Tikalon Header Blog Logo

Michael Hart and Project Gutenberg

March 8, 2013

I started graduate school in 1970 at a university with a multitude of time-sharing computer terminals for student use. It was the yesteryear equivalent of giving every student a laptop or tablet computer. This was an IBM System/360 implementation for which the time-sharing programming language was APL.

I always liked APL, probably because it was designed by a mathematician, Kenneth Iverson; but most of the other students were likely muttering the yesteryear equivalent of WTF?, which was just F![1] It was an interpreted language, with instant gratification; it had useful mathematical functions, such as sorting, built into single symbols; and it allowed processing of alphabetic characters.

One interesting feature of the system, unknown to most students, was the ability to send short text messages between users who were logged-in at different terminals. Since I had both a student account and a research account, I decided to test this feature. It worked, and the ability to send a message across a room seemed magical. This gives credence to Arthur C. Clarke's law that any sufficiently advanced technology is indistinguishable from magic.

My message was likely limited to 128 characters, or some small power of two, so it was roughly equivalent to a tweet, and it was a tweet that could only reach a single person. At roughly the same time, July 4, 1971, Michael S. Hart was typing the US Declaration of Independence into a Xerox Sigma V mainframe computer at the Materials Research Laboratory of the University of Illinois. Michael Hart was born on this date in 1947.[2-6]

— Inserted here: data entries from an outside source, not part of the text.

(* Let $\varepsilon\in(0,3)$. There exists $n_0$ (depending on $\varepsilon$) such that for every $n\ge n_0$ and every real normed space $X$ of dimension $n$ there exists an approximately convex set $A\subseteq X$ with $$\mathcal{H}(A,\operatorname{Co}(A))\ge\log_2 n-\varepsilon\qquad\text{and}\qquad \operatorname{diam}(A)\le \frac{25}{\varepsilon}(\log_2 n)^2\, d(X,\ell_1^n).$$
   Context: A set $A$ is approximately convex if $d(tx+(1-t)y,A)\le1$ for all $x,y\in A$, $t\in[0,1]$, where $d(x,A)=\inf_{a\in A}\|x-a\|$. $\mathcal{H}$ is the Hausdorff distance, $\operatorname{Co}$ the convex hull, $\operatorname{diam}(A)=\sup\{\|x-y\|:x,y\in A\}$. $d(X,Y)=\inf\{\|T\|\|T^{-1}\|: T:X\to Y \text{ a linear isomorphism}\}$ is the Banach–Mazur distance, and $\ell_1^n$ is $\mathbb{R}^n$ with the norm $\sum|a_i|$. *)

theory Defs
  imports "HOL-Analysis.Analysis"
begin

text \<open>An n-dimensional real normed space is modelled (up to isometry) as
  R^n = V n, the functions nat => real vanishing outside {0..<n}, equipped
  with an arbitrary norm N.\<close>

definition V :: "nat \<Rightarrow> (nat \<Rightarrow> real) set" where
  "V n = {x. \<forall>i\<ge>n. x i = 0}"

definition is_norm_on :: "nat \<Rightarrow> ((nat \<Rightarrow> real) \<Rightarrow> real) \<Rightarrow> bool" where
  "is_norm_on n N \<longleftrightarrow>
     (\<forall>x\<in>V n. 0 \<le> N x) \<and>
     (\<forall>x\<in>V n. N x = 0 \<longleftrightarrow> x = (\<lambda>_. 0)) \<and>
     (\<forall>x\<in>V n. \<forall>c. N (\<lambda>i. c * x i) = \<bar>c\<bar> * N x) \<and>
     (\<forall>x\<in>V n. \<forall>y\<in>V n. N (\<lambda>i. x i + y i) \<le> N x + N y)"

definition l1norm :: "nat \<Rightarrow> (nat \<Rightarrow> real) \<Rightarrow> real" where
  "l1norm n x = (\<Sum>i<n. \<bar>x i\<bar>)"

definition linear_on :: "nat \<Rightarrow> ((nat \<Rightarrow> real) \<Rightarrow> (nat \<Rightarrow> real)) \<Rightarrow> bool" where
  "linear_on n T \<longleftrightarrow> T ` V n \<subseteq> V n \<and>
     (\<forall>x\<in>V n. \<forall>y\<in>V n. T (\<lambda>i. x i + y i) = (\<lambda>i. T x i + T y i)) \<and>
     (\<forall>x\<in>V n. \<forall>c. T (\<lambda>i. c * x i) = (\<lambda>i. c * T x i))"

definition opnorm :: "nat \<Rightarrow> ((nat \<Rightarrow> real) \<Rightarrow> real) \<Rightarrow> ((nat \<Rightarrow> real) \<Rightarrow> real)
     \<Rightarrow> ((nat \<Rightarrow> real) \<Rightarrow> (nat \<Rightarrow> real)) \<Rightarrow> real" where
  "opnorm n N1 N2 T = Sup {N2 (T x) | x. x \<in> V n \<and> N1 x \<le> 1}"

definition bm_dist_l1 :: "nat \<Rightarrow> ((nat \<Rightarrow> real) \<Rightarrow> real) \<Rightarrow> real" where
  "bm_dist_l1 n N = Inf {opnorm n N (l1norm n) T * opnorm n (l1norm n) N (inv_into (V n) T) | T.
       linear_on n T \<and> bij_betw T (V n) (V n)}"

definition setdist_N :: "((nat \<Rightarrow> real) \<Rightarrow> real) \<Rightarrow> (nat \<Rightarrow> real) \<Rightarrow> (nat \<Rightarrow> real) set \<Rightarrow> real" where
  "setdist_N N z A = Inf {N (\<lambda>i. z i - a i) | a. a \<in> A}"

definition approx_convex :: "((nat \<Rightarrow> real) \<Rightarrow> real) \<Rightarrow> (nat \<Rightarrow> real) set \<Rightarrow> bool" where
  "approx_convex N A \<longleftrightarrow> (\<forall>x\<in>A. \<forall>y\<in>A. \<forall>t::real. 0 \<le> t \<and> t \<le> 1 \<longrightarrow>
      setdist_N N (\<lambda>i. t * x i + (1 - t) * y i) A \<le> 1)"

definition conv_hull :: "(nat \<Rightarrow> real) set \<Rightarrow> (nat \<Rightarrow> real) set" where
  "conv_hull A = {y. \<exists>S c. finite S \<and> S \<noteq> {} \<and> S \<subseteq> A \<and> (\<forall>x\<in>S. 0 \<le> c x) \<and> sum c S = 1 \<and>
      y = (\<lambda>j. \<Sum>x\<in>S. c x * x j)}"

definition esetdist_N :: "((nat \<Rightarrow> real) \<Rightarrow> real) \<Rightarrow> (nat \<Rightarrow> real) \<Rightarrow> (nat \<Rightarrow> real) set \<Rightarrow> ereal" where
  "esetdist_N N z A = (INF a\<in>A. ereal (N (\<lambda>i. z i - a i)))"

definition diam_N :: "((nat \<Rightarrow> real) \<Rightarrow> real) \<Rightarrow> (nat \<Rightarrow> real) set \<Rightarrow> ereal" where
  "diam_N N A = (SUP p\<in>A \<times> A. ereal (N (\<lambda>i. fst p i - snd p i)))"

definition hausdorff_N :: "((nat \<Rightarrow> real) \<Rightarrow> real) \<Rightarrow> (nat \<Rightarrow> real) set \<Rightarrow> (nat \<Rightarrow> real) set \<Rightarrow> ereal" where
  "hausdorff_N N A B = max (SUP a\<in>A. esetdist_N N a B) (SUP b\<in>B. esetdist_N N b A)"

end

theory Submission
  imports Defs
begin

text \<open>
  Take a linear map \<open>L\<close> from \<open>l\<^sub>1\<^sup>n\<close> into \<open>X\<close> with
  \<open>N (L c) \<le> \<parallel>c\<parallel>\<^sub>1 \<le> (5/4) d(X, l\<^sub>1\<^sup>n) N (L c)\<close>, and a unit vector \<open>y\<close> that is almost
  Birkhoff--James orthogonal to the image of the first \<open>n - 1\<close> coordinates. The set \<open>A\<close>
  consists of the points \<open>S L p - H(p) y\<close>, where \<open>p\<close> ranges over the probability simplex in
  these coordinates and \<open>H\<close> is the binary entropy. Since \<open>H\<close> is concave and
  \<open>H(t p + (1 - t) q) \<le> t H(p) + (1 - t) H(q) + 1\<close>, the set \<open>A\<close> is approximately convex.
  The image of the uniform distribution \<open>u\<close> is the barycentre of the images of the vertices,
  where \<open>H\<close> vanishes, yet it is far from \<open>A\<close>: if \<open>p\<close> is far from \<open>u\<close> the term
  \<open>S L (u - p)\<close> is long, and if \<open>p\<close> is close to \<open>u\<close> then \<open>H(p)\<close> is close to
  \<open>log\<^sub>2 (n - 1)\<close>, a length that the orthogonality of \<open>y\<close> preserves. The diameter of \<open>A\<close>
  is at most \<open>2 S + log\<^sub>2 n\<close>; choosing \<open>S\<close> of order \<open>d(X, l\<^sub>1\<^sup>n) (log\<^sub>2 n)\<^sup>2 / \<epsilon>\<close>
  balances the two cases.
\<close>

definition unit_vec :: "nat \<Rightarrow> nat \<Rightarrow> real" where
  "unit_vec k = (\<lambda>i. if i = k then 1 else 0)"
(* Let $k$ be a positive integer, $a=6k+5$, $b=a+\frac{a-3}{2}$, $c=b+1$, $S=\{a,b,c\}$, $G=\langle S\rangle$. For $i\in[0,k]$ let $A_{i,k}=([a,a+3i]\cup[b,b+1+3i]\cup[2a,2a+3i])+\{2ib\}$, $B_{i,k}=([a,a+1+3i]\cup[b,b+3+3i]\cup[2a,2a+1+3i])+\{(2i+1)b\}$, $I_{i,k}=A_{i,k}\cup B_{i,k}$; let $C=[2a+2kb,\infty[$ and $H_{13,k}=\{0\}\cup\bigcup_{i=0}^{k}I_{i,k}\cup C$. Then: (1) $H_{13,k}$ is a co-finite submonoid of $G$ containing $S$; (2) $H_{13,k}$ is a $3$-permutation numerical semigroup.
   Context: $\mathbb{N}=\{0,1,2,\dots\}$. A numerical semigroup is a submonoid $G$ of $(\mathbb{N},+,0)$ with $\mathbb{N}\setminus G$ finite; $\langle S\rangle$ is the submonoid generated by $S$. Writing the elements of a numerical semigroup as $0=g_0<g_1<g_2<\cdots$, it is an $n$-permutation numerical semigroup if it is generated by $\{g_1,\dots,g_n\}$ and for every $k\in\mathbb{N}$ the tuple $(g_{kn+1}\bmod n,\dots,g_{kn+n}\bmod n)$ contains exactly one representative of each residue class mod $n$. Notation: $[u,v]=\{x\in\mathbb{N}:u\le x\le v\}$, $[u,\infty[=\{x\in\mathbb{N}:x\ge u\}$; $X+Y=\{x+y:x\in X,y\in Y\}$. *)

theory Defs
  imports Main "HOL-Library.Infinite_Set"
begin
lemma lin_subst_pbr:
  assumes A: "poisson_matrix A" and f: "f \<in> Pset" and g: "g \<in> Pset"
  shows "lin_subst A (pbr f g) = pbr (lin_subst A f) (lin_subst A g)"
proof -
  have Xv_left: "lin_subst A (pbr (Xv i) g) = pbr (lin_row A i) (lin_subst A g)" if "i < 3" for i
    using g
  proof (induction rule: Pset_induct)
    case (mult_Xv h j)
    then show ?case
      by (simp add: pbr_mult_right pbr_Xv lin_subst_add lin_subst_mult lin_subst_Xv lin_subst_Bgen A that)
  qed (simp_all add: pbr_add_right lin_subst_add)
  show ?thesis
    using f
  proof (induction rule: Pset_induct)
    case (mult_Xv h i)
    then show ?case
      by (simp add: pbr_mult_left lin_subst_add lin_subst_mult lin_subst_Xv Xv_left)
  qed (simp_all add: pbr_add_left lin_subst_add)
qed

lemma graded_poisson_aut_lin_subst:
  fixes A :: "'k::field mat"
  assumes "A \<in> carrier_mat 3 3" "det A \<noteq> 0" "poisson_matrix A"
  shows "graded_poisson_aut (lin_subst A)"
  using assms bij_betw_lin_subst Pdeg_lin_subst
  by (auto simp: graded_poisson_aut_def lin_subst_add lin_subst_mult lin_subst_pbr)

section \<open>Graded Poisson automorphisms\<close>

lemma graded_poisson_aut_eq_lin_subst:
  assumes aut: "graded_poisson_aut \<phi>" and A: "has_matrix \<phi> A" and f: "f \<in> Pset"
  shows "\<phi> f = lin_subst A f"
  using f
proof (induction rule: Pset_induct)
  case zero
  have "\<phi> (0 + 0) = \<phi> 0 + \<phi> 0"
    using aut unfolding graded_poisson_aut_def by (meson Pset_0)
  then show ?case by simp
next
  case (Cst c)
  have "\<phi> (Cst c * 1) = Cst c * \<phi> 1"
    using aut by (simp only: graded_poisson_aut_def Pset_1)
  then show ?case
    using aut by (simp add: graded_poisson_aut_def)
next
  case (add g h)
  then show ?case
    using aut by (simp add: graded_poisson_aut_def lin_subst_add)
next
  case (mult_Xv g i)
  then show ?case
    using aut A by (simp add: graded_poisson_aut_def has_matrix_iff Pset_Xv lin_subst_mult lin_subst_Xv)
qed

lemma graded_poisson_aut_power_eq_lin_subst:
  assumes "graded_poisson_aut \<phi>" "has_matrix \<phi> A" "f \<in> Pset"
  shows "(\<phi> ^^ k) f = (lin_subst A ^^ k) f"
proof (induction k)
  case (Suc k)
  have "(lin_subst A ^^ k) f \<in> Pset"
    using assms(3) by (cases k) (simp_all add: Pset_lin_subst)
  then show ?case
    using Suc assms(1,2) by (simp add: graded_poisson_aut_eq_lin_subst)
qed simp

lemma graded_poisson_aut_poisson_matrix:
  fixes \<phi> :: "'k::field_char_0 mpoly \<Rightarrow> 'k mpoly"
  assumes aut: "graded_poisson_aut \<phi>" and A: "has_matrix \<phi> A"
  shows "poisson_matrix A \<and> A $$ (0, 0) \<noteq> 0"
proof -
  let ?D = "A $$ (1, 1) * A $$ (2, 2) - A $$ (1, 2) * A $$ (2, 1)"
  have lin_subst: "\<phi> f = lin_subst A f" if "f \<in> Pset" for f
    using graded_poisson_aut_eq_lin_subst[OF aut A that] .
  have "Cst 3 * Xv 0 * Xv 0 \<in> (Pset :: 'k mpoly set)"
    by (intro Pset_mult Pset_Cst Pset_Xv) simp_all
  then have "Cst 3 * (lin_row A 0 * lin_row A 0) = \<phi> (pbr (Xv 1) (Xv 2))"
    by (simp add: lin_subst lin_subst_mult lin_subst_Xv pbr_Xv Bgen_def mult.assoc)
  also have "\<dots> = pbr (\<phi> (Xv 1)) (\<phi> (Xv 2))"
    using aut by (simp add: graded_poisson_aut_def Pset_Xv)
  also have "\<dots> = pbr (lin_row A 1) (lin_row A 2)"
    using A by (simp add: has_matrix_iff)
  finally have "Cst 3 * (lin_row A 0 * lin_row A 0) = Cst (3 * ?D) * (Xv 0 * Xv 0)"
    by (simp add: lin_row_def pbr_lin_form)
  then have "Poly_Mapping.lookup (Cst 3 * (lin_row A 0 * lin_row A 0)) (Poly_Mapping.single t 2) =
      Poly_Mapping.lookup (Cst (3 * ?D) * (Xv 0 * Xv 0)) (Poly_Mapping.single t 2)" for t
    by (simp only:)
  from this[of 0] this[of 1] this[of 2]
  have "A $$ (0, 0) * A $$ (0, 0) = ?D" "A $$ (0, 1) = 0" "A $$ (0, 2) = 0"
    by (simp_all only: lookup_Cst_mult lin_row_def lookup_lin_form_square lookup_Xv_mult_Xv)
       (simp_all del: right_diff_distrib_numeral)
  then have pm: "poisson_matrix A"
    by (simp add: poisson_matrix_def power2_eq_square)
  have "A $$ (0, 0) \<noteq> 0"
  proof
    assume "A $$ (0, 0) = 0"
    then have "\<phi> (Xv 0) = \<phi> 0"
      using pm A lin_subst[OF Pset_0]
      by (simp add: poisson_matrix_def has_matrix_iff lin_row_def lin_form_def)
    moreover have "inj_on \<phi> Pset"
      using aut by (simp add: graded_poisson_aut_def bij_betw_def)
    ultimately have "Xv 0 = (0 :: 'k mpoly)"
      using Pset_Xv[of 0] by (auto dest: inj_onD)
    then show False
      using Xv_neq_0 by blast
  qed
  with pm show ?thesis ..
qed

lemma graded_poisson_aut_matrix_iff:
  fixes A :: "'k::field_char_0 mat"
  shows "(\<exists>\<phi>. graded_poisson_aut \<phi> \<and> has_matrix \<phi> A) \<longleftrightarrow>
    (\<exists>\<epsilon> a b c d e f. A = mat_of_rows_list 3 [[\<epsilon>, 0, 0], [a, b, c], [d, e, f]] \<and>
       b * f \<noteq> c * e \<and> \<epsilon> ^ 2 = b * f - c * e)"
proof
  assume "\<exists>\<phi>. graded_poisson_aut \<phi> \<and> has_matrix \<phi> A"
  then obtain \<phi> where aut: "graded_poisson_aut \<phi>" and A: "has_matrix \<phi> A"
    by blast
  have pm: "poisson_matrix A" and "A $$ (0, 0) \<noteq> 0"
    using graded_poisson_aut_poisson_matrix[OF aut A] by simp_all
  moreover have "A \<in> carrier_mat 3 3"
    using A by (simp add: has_matrix_iff)
  ultimately have "A = mat_of_rows_list 3 [[A $$ (0, 0), 0, 0], [A $$ (1, 0), A $$ (1, 1), A $$ (1, 2)],
                                          [A $$ (2, 0), A $$ (2, 1), A $$ (2, 2)]]"
    by (intro mat_3_eq_block_lower) (simp_all add: poisson_matrix_def)
  moreover have "A $$ (1, 1) * A $$ (2, 2) \<noteq> A $$ (1, 2) * A $$ (2, 1)"
    using pm \<open>A $$ (0, 0) \<noteq> 0\<close> by (auto simp: poisson_matrix_def)
  ultimately show "\<exists>\<epsilon> a b c d e f. A = mat_of_rows_list 3 [[\<epsilon>, 0, 0], [a, b, c], [d, e, f]] \<and>
       b * f \<noteq> c * e \<and> \<epsilon> ^ 2 = b * f - c * e"
    using pm unfolding poisson_matrix_def by blast

next
  assume "\<exists>\<epsilon> a b c d e f. A = mat_of_rows_list 3 [[\<epsilon>, 0, 0], [a, b, c], [d, e, f]] \<and>
       b * f \<noteq> c * e \<and> \<epsilon> ^ 2 = b * f - c * e"
  then obtain \<epsilon> a b c d e f where A: "A = mat_of_rows_list 3 [[\<epsilon>, 0, 0], [a, b, c], [d, e, f]]"
    and "b * f \<noteq> c * e" and \<epsilon>: "\<epsilon> ^ 2 = b * f - c * e"
    by blast
  then have "det A \<noteq> 0"
    by (auto simp: det_block_lower)
  moreover have "A \<in> carrier_mat 3 3" "poisson_matrix A"
    using \<epsilon> by (simp_all add: A mat_of_rows_list_3_carrier poisson_matrix_block_lower)
  ultimately show "\<exists>\<phi>. graded_poisson_aut \<phi> \<and> has_matrix \<phi> A"
    using graded_poisson_aut_lin_subst has_matrix_lin_subst by blast
qed

section \<open>Poisson reflections\<close>

lemma reflection_char_poly_coeffs:
  fixes \<epsilon> D s \<xi> :: "'k::idom"
  assumes cp: "[:-\<epsilon>, 1:] * [:D, -s, 1:] = [:-1, 1:] ^ 2 * [:-\<xi>, 1:]"
    and \<epsilon>: "\<epsilon> ^ 2 = D" and \<xi>: "\<xi> \<noteq> 1"
  shows "\<epsilon> = -1 \<and> s = 2 \<and> D = 1"
proof -
  have "[:-(\<epsilon> * D), D + \<epsilon> * s, -(\<epsilon> + s), 1:] = [:-\<xi>, 1 + 2 * \<xi>, -(2 + \<xi>), 1:]"
    using cp by (simp add: power2_eq_square algebra_simps)
  then have \<xi>_eq: "\<xi> = \<epsilon> ^ 3" and "D + \<epsilon> * s = 1 + 2 * \<xi>" and s: "s = 2 + \<xi> - \<epsilon>"
    using \<epsilon> by (simp_all add: power3_eq_cube power2_eq_square algebra_simps)
  then have "(\<epsilon> - 1) ^ 3 * (\<epsilon> + 1) = 0"
    using \<epsilon> by (simp add: power3_eq_cube power2_eq_square algebra_simps)
  moreover have "\<epsilon> \<noteq> 1"
    using \<xi> \<xi>_eq by auto
  ultimately have "\<epsilon> = -1"
    by (simp add: eq_neg_iff_add_eq_0)
  then show ?thesis
    using \<epsilon> s \<xi>_eq by simp
qed

lemma lin_subst_power_unipotent:
  fixes \<epsilon> a b c d e f :: "'k::comm_ring_1"
  defines "A \<equiv> mat_of_rows_list 3 [[\<epsilon>, 0, 0], [a, b, c], [d, e, f]]"
  assumes trace: "b + f = 2" and det: "b * f - c * e = 1"
  shows "\<exists>\<alpha>. (lin_subst A ^^ k) (lin_form x y z) =
    lin_form \<alpha> (y + of_nat k * (y * (b - 1) + z * e)) (z + of_nat k * (y * c + z * (f - 1)))"
proof (induction k)
  case 0
  show ?case by auto
next
  case (Suc k)
  let ?P = "y * (b - 1) + z * e" and ?Q = "y * c + z * (f - 1)" and ?k = "of_nat k :: 'k"
  obtain \<alpha> where IH: "(lin_subst A ^^ k) (lin_form x y z) = lin_form \<alpha> (y + ?k * ?P) (z + ?k * ?Q)"
    using Suc.IH by blast
  have ce: "c * e = b * f - 1"
    using det by (simp add: algebra_simps)
  have "(b - 1) * (b - 1) + c * e = b * (b + f - 2)" "(f - 1) * (f - 1) + c * e = f * (b + f - 2)"
    unfolding ce by (simp_all add: algebra_simps)
  txt \<open>Together with the trace condition, \<open>(B - 1)\<^sup>2 = 0\<close> for the lower right block \<open>B\<close>.\<close>
  then have nilpotent: "(b - 1) * (b - 1) + c * e = 0" "(f - 1) * (f - 1) + c * e = 0"
    using trace by simp_all
  have "(y + ?k * ?P) * b + (z + ?k * ?Q) * e =
      y + (?k + 1) * ?P + ?k * (y * ((b - 1) * (b - 1) + c * e) + z * e * (b + f - 2))"
    "(y + ?k * ?P) * c + (z + ?k * ?Q) * f =
      z + (?k + 1) * ?Q + ?k * (y * c * (b + f - 2) + z * ((f - 1) * (f - 1) + c * e))"
    by (simp_all add: algebra_simps)
  then have "(y + ?k * ?P) * b + (z + ?k * ?Q) * e = y + of_nat (Suc k) * ?P"
    "(y + ?k * ?P) * c + (z + ?k * ?Q) * f = z + of_nat (Suc k) * ?Q"
    using nilpotent trace by (simp_all add: add.commute)
  moreover have "lin_subst A (lin_form p q r) = lin_form (p * \<epsilon> + q * a + r * d) (q * b + r * e) (q * c + r * f)"
    for p q r
    by (simp add: A_def lin_subst_lin_form mat_of_rows_list_def)
  ultimately show ?case
    by (auto simp: IH)
qed

lemma unipotent_of_finite_order:
  fixes \<epsilon> a b c d e f :: "'k::field_char_0"
  defines "A \<equiv> mat_of_rows_list 3 [[\<epsilon>, 0, 0], [a, b, c], [d, e, f]]"
  assumes "b + f = 2" "b * f - c * e = 1" and "n > 0"
    and "(lin_subst A ^^ n) (Xv 1) = Xv 1" "(lin_subst A ^^ n) (Xv 2) = Xv 2"
  shows "b = 1 \<and> c = 0 \<and> e = 0 \<and> f = 1"
proof -
  note power = lin_subst_power_unipotent[OF assms(2,3), where \<epsilon> = \<epsilon> and a = a and d = d and k = n,
      folded A_def]
  obtain \<alpha> \<beta> where
    "(lin_subst A ^^ n) (lin_form 0 1 0) = lin_form \<alpha> (1 + of_nat n * (b - 1)) (of_nat n * c)"
    "(lin_subst A ^^ n) (lin_form 0 0 1) = lin_form \<beta> (of_nat n * e) (1 + of_nat n * (f - 1))"
    using power[of 0 1 0] power[of 0 0 1] by auto
  then have "lin_form \<alpha> (1 + of_nat n * (b - 1)) (of_nat n * c) = lin_form 0 1 0"
    "lin_form \<beta> (of_nat n * e) (1 + of_nat n * (f - 1)) = lin_form 0 0 1"
    using assms(5,6) by (simp_all only: lin_form_Xv)
  then show ?thesis
    using \<open>n > 0\<close> by (simp add: lin_form_eq_iff)
qed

Hart got a copy of this text during a stop at a grocery store after a holiday fireworks display. Since his computer was linked to others through ARPANET, the predecessor to today's Internet, he had planned to email it to everyone with email access. He was dissuaded from sending what would have been the first spam message, so he instead posted a notice that the text was available for download.

Michael Stern Hart

Michael S. Hart, March 8, 1947 - September 6, 2011.

(Photo by Doug Bowman, Creative Commons licensed image from Flickr.)


We might not have heard about Michael Hart were it not for his continued production and posting of the electronic text of other public domain documents, such as the US Bill of Rights. All this early work was done by Hart, himself, but soon volunteers joined him in his goal of putting as much free content as possible up on the fledgling Internet. Early works posted were the US Constitution, the King James Bible, and Alice's Adventures in Wonderland.

This effort, now called Project Gutenberg, is the repository of more than 40,000 books, some in languages other than English, with a projected total number of books that might reach a million by 2021, the project's fiftieth anniversary.[3] One explanation of the project name is that Johannes Gutenberg's printing press paved the way for books to reach beyond the elite classes.[6]

These electronic texts were first encoded in ASCII, the "plain-vanilla," universal text standard, but many are now also available in the common electronic book formats. Hart rightly chose the ASCII file format, which didn't depend on any propriety file format. The ASCII file format might lack text formatting features, but it contains the text in an always backwards-compatible rendition.[5]

Here's a short summary of Project Gutenberg's accomplishments.
DateMilestone
1973The United States Constitution
1974-1988Collected Works of William Shakespeare
8/1989King James Bible
1/1991Alice's Adventures in Wonderland
7/1991Peter Pan
1/1994The Complete Works of William Shakespeare
(eBook #100)
8/1997Dante's Divine Comedy (eBook #1,000)
5/1999Don Quixote (eBook #2,000)
4/2002The Notebooks of Leonardo da Vinci
(eBook #5,000)
10/2002The Human Genome Project
10/2003The Magna Carta (eBook #10,000)
10/2006Twenty Thousand Leagues Under the Sea
(audiobook, eBook #20,000)
6/201136,000 ebooks in many languages
One significant milestone occurred in October, 2003, when the book collection doubled in 18 months. This is essentially the "Moore's Law" point for Project Gutenberg. Here's a summary of the number of books published in the Project's history.

Project Gutenberg Statistics

More than 40,000 eBooks are now avaialble from Project Gutenberg, with a growth approximating an exponential function of time.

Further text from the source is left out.